I have degrees in music, nursing, childbirth education and web design. I love to run, exercise, dance, garden, create art, travel, read, relax, do yoga, eat healthy, explore spirituality, and be around animals/nature. There are not enough hours in the day to pursue all of my interests and I often find it difficult to focus on one for any particular length of time. My life involves a great deal of multitasking, often due to sheer necessity. But, what if I could focus on one thing that would bring me the most satisfaction? That one thing in which I could find success and fulfillment? The most compelling interest that I could pursue? What would that be? I was recently asked that if I had to choose the one area of interest that would be my favorite.
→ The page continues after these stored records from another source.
definition rowmat :: "nat \<Rightarrow> nat \<Rightarrow> (nat \<Rightarrow> real vec) \<Rightarrow> real mat" where
  "rowmat L n a = mat L n (\<lambda>(l,k). a l $ k)"

definition Dmat :: "real vec \<Rightarrow> real mat" where
  "Dmat x = mat (dim_vec x) (dim_vec x) (\<lambda>(i,j). if i = j then x $ i else 0)"

definition Smat :: "nat \<Rightarrow> nat \<Rightarrow> nat \<Rightarrow> nat \<Rightarrow> (nat \<Rightarrow> real mat) \<Rightarrow> (nat \<Rightarrow> real vec)
    \<Rightarrow> (nat \<Rightarrow> real mat) \<Rightarrow> (nat \<Rightarrow> real vec) \<Rightarrow> (nat \<Rightarrow> real)
    \<Rightarrow> real vec \<Rightarrow> real vec \<Rightarrow> real vec \<Rightarrow> real vec \<Rightarrow> real mat" where
  "Smat Nb Ng L M Lm a Mm d f theta v lam mu =
    (let n1 = 2 * Nb; n2 = 2 * Ng;
         Z = Zmat n1 L M Lm Mm lam mu;
         Ll = colmat n1 L Lm v;
         Mu = colmat n1 M Mm v;
         A = rowmat L n2 a;
         g = vec M (gcon Mm d f v theta)
     in four_block_mat
          (four_block_mat Z (0\<^sub>m n1 n2) (0\<^sub>m n2 n1) (0\<^sub>m n2 n2))
          (four_block_mat Ll Mu (transpose_mat A) (0\<^sub>m n2 M))
          (four_block_mat (2 \<cdot>\<^sub>m transpose_mat Ll) (- A)
                          (2 \<cdot>\<^sub>m (Dmat mu * transpose_mat Mu)) (0\<^sub>m M n2))
          (four_block_mat (0\<^sub>m L L) (0\<^sub>m L M) (0\<^sub>m M L) (Dmat g)))"

end

theory Submission
  imports Defs
begin

(* Split a kernel vector of S along its blocks as (n1, n2, n3, n4), so that x = (n1, n2) is its
   (v, x_g) part. Read entrywise, the last block row says 2 mu_m (M_m v)^T n1 + g_m (n4)_m = 0;
   by strict complementarity exactly one of mu_m, g_m vanishes, hence (M_m v)^T n1 = 0 for every
   active constraint and ((M_m v)^T n1) (n4)_m = 0 for every m. The third block row says that x is
   orthogonal to every gradient of h_l, so x lies in the critical cone. Testing the first block row
   against n1 and using the second and third rows gives n1^T Z n1 = 0, i.e. x has zero curvature
   for the Hessian of the Lagrangian, and the second-order condition forces x = 0. *)

lemma zero_mat_mult_vec [simp]:
  "w \<in> carrier_vec nc \<Longrightarrow> 0\<^sub>m nr nc *\<^sub>v w = (0\<^sub>v nr :: 'a :: semiring_0 vec)"
  by (intro eq_vecI) (auto simp: scalar_prod_def)

lemma smult_mat_mult_vec:
  fixes A :: "'a :: comm_ring mat"
  shows "w \<in> carrier_vec (dim_col A) \<Longrightarrow> (k \<cdot>\<^sub>m A) *\<^sub>v w = k \<cdot>\<^sub>v (A *\<^sub>v w)"
  by (intro eq_vecI) (auto simp: scalar_prod_def sum_distrib_left ac_simps)

lemma zero_vec_append: "0\<^sub>v (p + q) = 0\<^sub>v p @\<^sub>v (0\<^sub>v q :: 'a :: zero vec)"
  by (intro eq_vecI) auto

lemma append_vec_eq_zero_iff:
  "x \<in> carrier_vec p \<Longrightarrow> x @\<^sub>v y = 0\<^sub>v (p + q) \<longleftrightarrow> x = 0\<^sub>v p \<and> y = (0\<^sub>v q :: 'a :: zero vec)"
  by (simp add: zero_vec_append)

lemma eq_of_add_uminus_vec_eq_zero:
  fixes x y :: "'a :: ab_group_add vec"
  assumes "x + - y = 0\<^sub>v n" "x \<in> carrier_vec n" "y \<in> carrier_vec n"
  shows "x = y"
proof (rule eq_vecI)
  fix i
  assume "i < dim_vec y"
  then show "x $ i = y $ i"
    using arg_cong[OF assms(1), of "\<lambda>u. u $ i"] assms(2,3) by simp
qed (use assms in simp)

lemma append_vec_mem_mat_kernel_four_block_mat_iff:
  fixes A :: "'a :: comm_ring_1 mat"
  assumes "A \<in> carrier_mat nr1 nc1" "B \<in> carrier_mat nr1 nc2"
    and "C \<in> carrier_mat nr2 nc1" "D \<in> carrier_mat nr2 nc2"
    and "x \<in> carrier_vec nc1" "y \<in> carrier_vec nc2"
  shows "x @\<^sub>v y \<in> mat_kernel (four_block_mat A B C D) \<longleftrightarrow>
           A *\<^sub>v x + B *\<^sub>v y = 0\<^sub>v nr1 \<and> C *\<^sub>v x + D *\<^sub>v y = 0\<^sub>v nr2"
  using assms by (simp add: mat_kernel_def four_block_mat_mult_vec append_vec_eq_zero_iff)

lemma quadratic_form_four_block_mat_zero:
  fixes Z :: "'a :: comm_ring_1 mat"
  assumes "Z \<in> carrier_mat n n" "x \<in> carrier_vec n" "y \<in> carrier_vec k"
  shows "(x @\<^sub>v y) \<bullet> (four_block_mat Z (0\<^sub>m n k) (0\<^sub>m k n) (0\<^sub>m k k) *\<^sub>v (x @\<^sub>v y)) = x \<bullet> (Z *\<^sub>v x)"
  using assms by (simp add: mult_mat_vec_split scalar_prod_append[of x n y k])

lemma carrier_vec_append_cases:
  assumes "x \<in> carrier_vec (p + q)"
  obtains x1 x2 where "x = x1 @\<^sub>v x2" "x1 \<in> carrier_vec p" "x2 \<in> carrier_vec q"
  using assms vec_first_last_append vec_first_carrier vec_last_carrier by metis

lemma block_kernel_quadratic_form_eq_zero:
  fixes Z B C A :: "'a :: field_char_0 mat"
  assumes carriers: "Z \<in> carrier_mat n n" "B \<in> carrier_mat n p" "C \<in> carrier_mat n q"
      "A \<in> carrier_mat p k"
    and vecs: "x1 \<in> carrier_vec n" "x2 \<in> carrier_vec k" "y1 \<in> carrier_vec p" "y2 \<in> carrier_vec q"
    and row1: "Z *\<^sub>v x1 + (B *\<^sub>v y1 + C *\<^sub>v y2) = 0\<^sub>v n"
    and row2: "transpose_mat A *\<^sub>v y1 = 0\<^sub>v k"
    and row3: "2 \<cdot>\<^sub>v (transpose_mat B *\<^sub>v x1) = A *\<^sub>v x2"
    and orth: "(transpose_mat C *\<^sub>v x1) \<bullet> y2 = 0"
  shows "x1 \<bullet> (Z *\<^sub>v x1) = 0"
proof -
  have "2 * (x1 \<bullet> (B *\<^sub>v y1)) = (2 \<cdot>\<^sub>v (transpose_mat B *\<^sub>v x1)) \<bullet> y1"
    using carriers vecs by (simp add: transpose_vec_mult_scalar[of B n p y1 x1])
  also have "\<dots> = y1 \<bullet> (A *\<^sub>v x2)"
    unfolding row3 using carriers vecs by (simp add: comm_scalar_prod[of _ p])
  also have "\<dots> = (transpose_mat A *\<^sub>v y1) \<bullet> x2"
    using carriers vecs by (simp add: transpose_vec_mult_scalar)
  also have "\<dots> = 0"
    unfolding row2 using vecs by simp
  finally have B0: "x1 \<bullet> (B *\<^sub>v y1) = 0"
    by simp
  have C0: "x1 \<bullet> (C *\<^sub>v y2) = 0"
    using orth carriers vecs by (simp add: transpose_vec_mult_scalar[of C n q y2 x1])
  have "0 = x1 \<bullet> (Z *\<^sub>v x1 + (B *\<^sub>v y1 + C *\<^sub>v y2))"
    unfolding row1 using vecs by simp
  also have "\<dots> = x1 \<bullet> (Z *\<^sub>v x1) + (x1 \<bullet> (B *\<^sub>v y1) + x1 \<bullet> (C *\<^sub>v y2))"
    using carriers vecs by (simp add: scalar_prod_add_distrib[of _ n])
  finally show ?thesis
    using B0 C0 by simp
qed

lemma dim_Zmat [simp]:
  "dim_row (Zmat n L M Lm Mm lam mu) = n" "dim_col (Zmat n L M Lm Mm lam mu) = n"
  by (simp_all add: Zmat_def)

lemma dim_colmat [simp]: "dim_row (colmat n K Q v) = n" "dim_col (colmat n K Q v) = K"
  by (simp_all add: colmat_def)

lemma dim_rowmat [simp]: "dim_row (rowmat L n a) = L" "dim_col (rowmat L n a) = n"
  by (simp_all add: rowmat_def)

lemma dim_Dmat [simp]: "dim_row (Dmat x) = dim_vec x" "dim_col (Dmat x) = dim_vec x"
  by (simp_all add: Dmat_def)

lemma Dmat_mult_vec_index:
  assumes "w \<in> carrier_vec (dim_vec x)" "i < dim_vec x"
  shows "(Dmat x *\<^sub>v w) $ i = x $ i * w $ i"
proof -
  have "(Dmat x *\<^sub>v w) $ i = (\<Sum>j\<in>{0..<dim_vec x}. (if i = j then x $ i else 0) * w $ j)"
    using assms by (simp add: Dmat_def scalar_prod_def)
  also have "\<dots> = (\<Sum>j\<in>{0..<dim_vec x}. if i = j then x $ i * w $ j else 0)"
    by (rule sum.cong) auto
  finally show ?thesis
    using assms(2) by simp
qed

lemma transpose_colmat_mult_vec_index:
  assumes "k < K" "dim_row (Q k) = n"
  shows "(transpose_mat (colmat n K Q v) *\<^sub>v w) $ k = (Q k *\<^sub>v v) \<bullet> w"
proof -
  have "col (colmat n K Q v) k = Q k *\<^sub>v v"
    using assms by (intro eq_vecI) (auto simp: colmat_def)
  then show ?thesis
    using assms(1) by (simp add: colmat_def)
qed

lemma rowmat_mult_vec_index:
  assumes "l < L" "a l \<in> carrier_vec n"
  shows "(rowmat L n a *\<^sub>v x) $ l = a l \<bullet> x"
proof -
  have "row (rowmat L n a) l = a l"
    using assms by (intro eq_vecI) (auto simp: rowmat_def)
  then show ?thesis
    using assms(1) by (simp add: rowmat_def)
qed

lemma Dmat_strict_complementarity:
  fixes \<mu> g w z :: "real vec"
  assumes carriers: "\<mu> \<in> carrier_vec q" "g \<in> carrier_vec q" "w \<in> carrier_vec q" "z \<in> carrier_vec q"
    and eq: "2 \<cdot>\<^sub>v (Dmat \<mu> *\<^sub>v w) + Dmat g *\<^sub>v z = 0\<^sub>v q"
    and strict: "\<And>m. m < q \<Longrightarrow> g $ m = 0 \<longleftrightarrow> \<mu> $ m \<noteq> 0"
  shows "\<And>m. m < q \<Longrightarrow> g $ m = 0 \<Longrightarrow> w $ m = 0"
    and "w \<bullet> z = 0"
proof -
  have entry: "2 * (\<mu> $ m * w $ m) + g $ m * z $ m = 0" if "m < q" for m
    using arg_cong[OF eq, of "\<lambda>u. u $ m"] that carriers
    by (simp add: Dmat_mult_vec_index del: index_mult_mat_vec)
  show "w $ m = 0" if "m < q" "g $ m = 0" for m
    using entry[of m] strict[of m] that by simp
  have "w $ m * z $ m = 0" if "m < q" for m
    using entry[of m] strict[of m] that by (cases "g $ m = 0") auto
  then show "w \<bullet> z = 0"
    using carriers by (auto simp: scalar_prod_def intro!: sum.neutral)
qed

lemma dim_col_Smat: "dim_col (Smat Nb Ng L M Lm a Mm d f theta v lam mu) = 2*Nb + 2*Ng + (L + M)"
  by (simp add: Smat_def Let_def Zmat_def colmat_def rowmat_def)

lemma Smat_kernel_equations:
  fixes Nb Ng L M :: nat and Lm Mm :: "nat \<Rightarrow> real mat" and a d :: "nat \<Rightarrow> real vec"
    and f :: "nat \<Rightarrow> real" and theta v lam mu n1 n2 n3 n4 :: "real vec"
  defines "Z \<equiv> Zmat (2*Nb) L M Lm Mm lam mu"
    and "B \<equiv> colmat (2*Nb) L Lm v" and "C \<equiv> colmat (2*Nb) M Mm v"
    and "A \<equiv> rowmat L (2*Ng) a" and "g \<equiv> vec M (gcon Mm d f v theta)"
  assumes mu: "mu \<in> carrier_vec M"
    and vecs: "n1 \<in> carrier_vec (2*Nb)" "n2 \<in> carrier_vec (2*Ng)" "n3 \<in> carrier_vec L"
      "n4 \<in> carrier_vec M"
    and kernel: "(n1 @\<^sub>v n2) @\<^sub>v (n3 @\<^sub>v n4) \<in> mat_kernel (Smat Nb Ng L M Lm a Mm d f theta v lam mu)"
  shows "Z *\<^sub>v n1 + (B *\<^sub>v n3 + C *\<^sub>v n4) = 0\<^sub>v (2*Nb)"
    and "transpose_mat A *\<^sub>v n3 = 0\<^sub>v (2*Ng)"
    and "2 \<cdot>\<^sub>v (transpose_mat B *\<^sub>v n1) = A *\<^sub>v n2"
    and "2 \<cdot>\<^sub>v (Dmat mu *\<^sub>v (transpose_mat C *\<^sub>v n1)) + Dmat g *\<^sub>v n4 = 0\<^sub>v M"
proof -
  have carriers: "Z \<in> carrier_mat (2*Nb) (2*Nb)" "B \<in> carrier_mat (2*Nb) L"
    "C \<in> carrier_mat (2*Nb) M" "A \<in> carrier_mat L (2*Ng)"
    "Dmat mu \<in> carrier_mat M M" "Dmat g \<in> carrier_mat M M"
    using mu by (auto simp: Z_def B_def C_def A_def g_def Zmat_def colmat_def rowmat_def)
  then have scaled_carriers: "2 \<cdot>\<^sub>m transpose_mat B \<in> carrier_mat L (2*Nb)"
    "- A \<in> carrier_mat L (2*Ng)" "2 \<cdot>\<^sub>m (Dmat mu * transpose_mat C) \<in> carrier_mat M (2*Nb)"
    by auto
  define TL where "TL = four_block_mat Z (0\<^sub>m (2*Nb) (2*Ng)) (0\<^sub>m (2*Ng) (2*Nb)) (0\<^sub>m (2*Ng) (2*Ng))"
  define TR where "TR = four_block_mat B C (transpose_mat A) (0\<^sub>m (2*Ng) M)"
  define BL where "BL = four_block_mat (2 \<cdot>\<^sub>m transpose_mat B) (- A)
                          (2 \<cdot>\<^sub>m (Dmat mu * transpose_mat C)) (0\<^sub>m M (2*Ng))"
  define BR where "BR = four_block_mat (0\<^sub>m L L) (0\<^sub>m L M) (0\<^sub>m M L) (Dmat g)"
  have "Smat Nb Ng L M Lm a Mm d f theta v lam mu = four_block_mat TL TR BL BR"
    by (simp add: Smat_def Let_def Z_def B_def C_def A_def g_def TL_def TR_def BL_def BR_def)
  moreover have "TL \<in> carrier_mat (2*Nb + 2*Ng) (2*Nb + 2*Ng)" "TR \<in> carrier_mat (2*Nb + 2*Ng) (L + M)"
    "BL \<in> carrier_mat (L + M) (2*Nb + 2*Ng)" "BR \<in> carrier_mat (L + M) (L + M)"
    using carriers by (auto simp: TL_def TR_def BL_def BR_def)
  ultimately have "TL *\<^sub>v (n1 @\<^sub>v n2) + TR *\<^sub>v (n3 @\<^sub>v n4) = 0\<^sub>v (2*Nb + 2*Ng)
      \<and> BL *\<^sub>v (n1 @\<^sub>v n2) + BR *\<^sub>v (n3 @\<^sub>v n4) = 0\<^sub>v (L + M)"
    using kernel vecs by (simp add: append_vec_mem_mat_kernel_four_block_mat_iff)
  then have blocks: "Z *\<^sub>v n1 + (B *\<^sub>v n3 + C *\<^sub>v n4) = 0\<^sub>v (2*Nb) \<and> transpose_mat A *\<^sub>v n3 = 0\<^sub>v (2*Ng)
      \<and> (2 \<cdot>\<^sub>m transpose_mat B) *\<^sub>v n1 + - A *\<^sub>v n2 = 0\<^sub>v L
      \<and> (2 \<cdot>\<^sub>m (Dmat mu * transpose_mat C)) *\<^sub>v n1 + Dmat g *\<^sub>v n4 = 0\<^sub>v M"
    using carriers scaled_carriers vecs
    by (simp add: TL_def TR_def BL_def BR_def four_block_mat_mult_vec mult_mat_vec_split
        append_vec_add[of _ "2*Nb" _ _ "2*Ng"] append_vec_add[of _ L _ _ M] append_vec_eq_zero_iff)
  then show "Z *\<^sub>v n1 + (B *\<^sub>v n3 + C *\<^sub>v n4) = 0\<^sub>v (2*Nb)"
    and "transpose_mat A *\<^sub>v n3 = 0\<^sub>v (2*Ng)"
    and "2 \<cdot>\<^sub>v (Dmat mu *\<^sub>v (transpose_mat C *\<^sub>v n1)) + Dmat g *\<^sub>v n4 = 0\<^sub>v M"
    using carriers vecs by (auto simp: smult_mat_mult_vec)
  from blocks have "2 \<cdot>\<^sub>v (transpose_mat B *\<^sub>v n1) + - (A *\<^sub>v n2) = 0\<^sub>v L"
    using carriers vecs by (simp add: smult_mat_mult_vec)
  then show "2 \<cdot>\<^sub>v (transpose_mat B *\<^sub>v n1) = A *\<^sub>v n2"
    by (rule eq_of_add_uminus_vec_eq_zero) (use carriers vecs in auto)
qed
The answer was quick and effortless. Without hesitation, I said, "Music."
If there is one thing that I am most devotedly passionate about, it is music. It is the complex union of rhythm, melody, spirituality, poetry, art and dance that paints an auditory picture that evokes a deep, emotional, soular response. Music allows me to most accurately express those introspective thoughts and feelings I have in my heart and also allows me to experience others' thoughts and feelings in that same unique and powerful way.
When I got my degree in music, which is something I always knew I wanted to pursue, my husband (and I'm sure others as well) felt that it was just a "hobby" and a "wasted degree" since it wouldn't generate a steady income unless I were to be a dedicated teacher, which is something I did not want to do. I majored in music performance in flute and voice. Music is my passion. It is my calling; my vocation. Although I enjoy having nice things in life, living in a beautiful home and having the ability to buy just about anything I want (within reason), I would be equally content living in a one room apartment so long as I were able to make music and live out my ambition.
Being a musician is not exactly conducive to life when you have four children, a home, a husband and several miscellaneous pets to care for. You can't just sit at the piano (if you are lucky enough to actually have a piano) all day and allow the spirit to channel inspiration through you and create amazing harmonies and insightful lyrics. In fact, one may rarely even have the time to be inspired at all amidst the chaos.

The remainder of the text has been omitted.